= What to do =
Each of the following records is to be printed verbatim.

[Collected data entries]
● ● ● ● ●
lemma hyponormal_adjoint_norm_le:
  assumes hyp: "hyponormal T" and F: "finite F" "\<And>n. n \<notin> F \<Longrightarrow> f n = 0"
  obtains g where "g \<in> ell2" "\<And>h. h \<in> ell2 \<Longrightarrow> l2inner (T h) f = l2inner h g"
    "(\<Sum>n. (norm (g n))\<^sup>2) \<le> (\<Sum>n. (norm (T f n))\<^sup>2)"
proof -
  obtain S where adj: "is_adjoint T S"
    and hypS: "0 \<le> Re (l2inner (S (T f) - T (S f)) f)"
    using hyp F finite_support_ell2 unfolding hyponormal_def by blast
  have f: "f \<in> ell2" using F by (rule finite_support_ell2)
  then have Tf: "T f \<in> ell2" using hyp by (simp add: hyponormal_def)
  have adjoint: "\<And>a b. a \<in> ell2 \<Longrightarrow> b \<in> ell2 \<Longrightarrow> l2inner (T a) b = l2inner a (S b)"
    and Sf: "S f \<in> ell2"
    using adj f unfolding is_adjoint_def by auto
  have "l2inner (S (T f)) f = cnj (l2inner f (S (T f)))"
    using F by (simp add: l2inner_finite_support_right l2inner_finite_support_left vinner_cnj[of "f _"])
  also have "l2inner f (S (T f)) = l2inner (T f) (T f)" using adjoint[OF f Tf] by simp
  finally have TT: "Re (l2inner (S (T f)) f) = (\<Sum>n. (norm (T f n))\<^sup>2)"
    using Tf by (simp add: l2inner_self)
  have "l2inner (T (S f)) f = l2inner (S f) (S f)" using adjoint[OF Sf f] .
  then have SS: "Re (l2inner (T (S f)) f) = (\<Sum>n. (norm (S f n))\<^sup>2)"
    using Sf by (simp add: l2inner_self)
  have "l2inner (S (T f) - T (S f)) f = l2inner (S (T f)) f - l2inner (T (S f)) f"
    using F by (simp add: l2inner_finite_support_right vinner_diff_left sum_subtractf)
  then have "(\<Sum>n. (norm (S f n))\<^sup>2) \<le> (\<Sum>n. (norm (T f n))\<^sup>2)"
    using hypS TT SS by simp
  then show ?thesis using that Sf adjoint f by blast
qed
● ● ● ● ●
= Solution to the exercise =
lemma hyponormal_adjoint_norm_le:
  assumes hyp: "hyponormal T" and F: "finite F" "\<And>n. n \<notin> F \<Longrightarrow> f n = 0"
  obtains g where "g \<in> ell2" "\<And>h. h \<in> ell2 \<Longrightarrow> l2inner (T h) f = l2inner h g"
    "(\<Sum>n. (norm (g n))\<^sup>2) \<le> (\<Sum>n. (norm (T f n))\<^sup>2)"
proof -
  obtain S where adj: "is_adjoint T S"
    and hypS: "0 \<le> Re (l2inner (S (T f) - T (S f)) f)"
    using hyp F finite_support_ell2 unfolding hyponormal_def by blast
  have f: "f \<in> ell2" using F by (rule finite_support_ell2)
  then have Tf: "T f \<in> ell2" using hyp by (simp add: hyponormal_def)
  have adjoint: "\<And>a b. a \<in> ell2 \<Longrightarrow> b \<in> ell2 \<Longrightarrow> l2inner (T a) b = l2inner a (S b)"
    and Sf: "S f \<in> ell2"
    using adj f unfolding is_adjoint_def by auto
  have "l2inner (S (T f)) f = cnj (l2inner f (S (T f)))"
    using F by (simp add: l2inner_finite_support_right l2inner_finite_support_left vinner_cnj[of "f _"])
  also have "l2inner f (S (T f)) = l2inner (T f) (T f)" using adjoint[OF f Tf] by simp
  finally have TT: "Re (l2inner (S (T f)) f) = (\<Sum>n. (norm (T f n))\<^sup>2)"
    using Tf by (simp add: l2inner_self)
  have "l2inner (T (S f)) f = l2inner (S f) (S f)" using adjoint[OF Sf f] .
  then have SS: "Re (l2inner (T (S f)) f) = (\<Sum>n. (norm (S f n))\<^sup>2)"
    using Sf by (simp add: l2inner_self)
  have "l2inner (S (T f) - T (S f)) f = l2inner (S (T f)) f - l2inner (T (S f)) f"
    using F by (simp add: l2inner_finite_support_right vinner_diff_left sum_subtractf)
  then have "(\<Sum>n. (norm (S f n))\<^sup>2) \<le> (\<Sum>n. (norm (T f n))\<^sup>2)"
    using hypS TT SS by simp
  then show ?thesis using that Sf adjoint f by blast
qed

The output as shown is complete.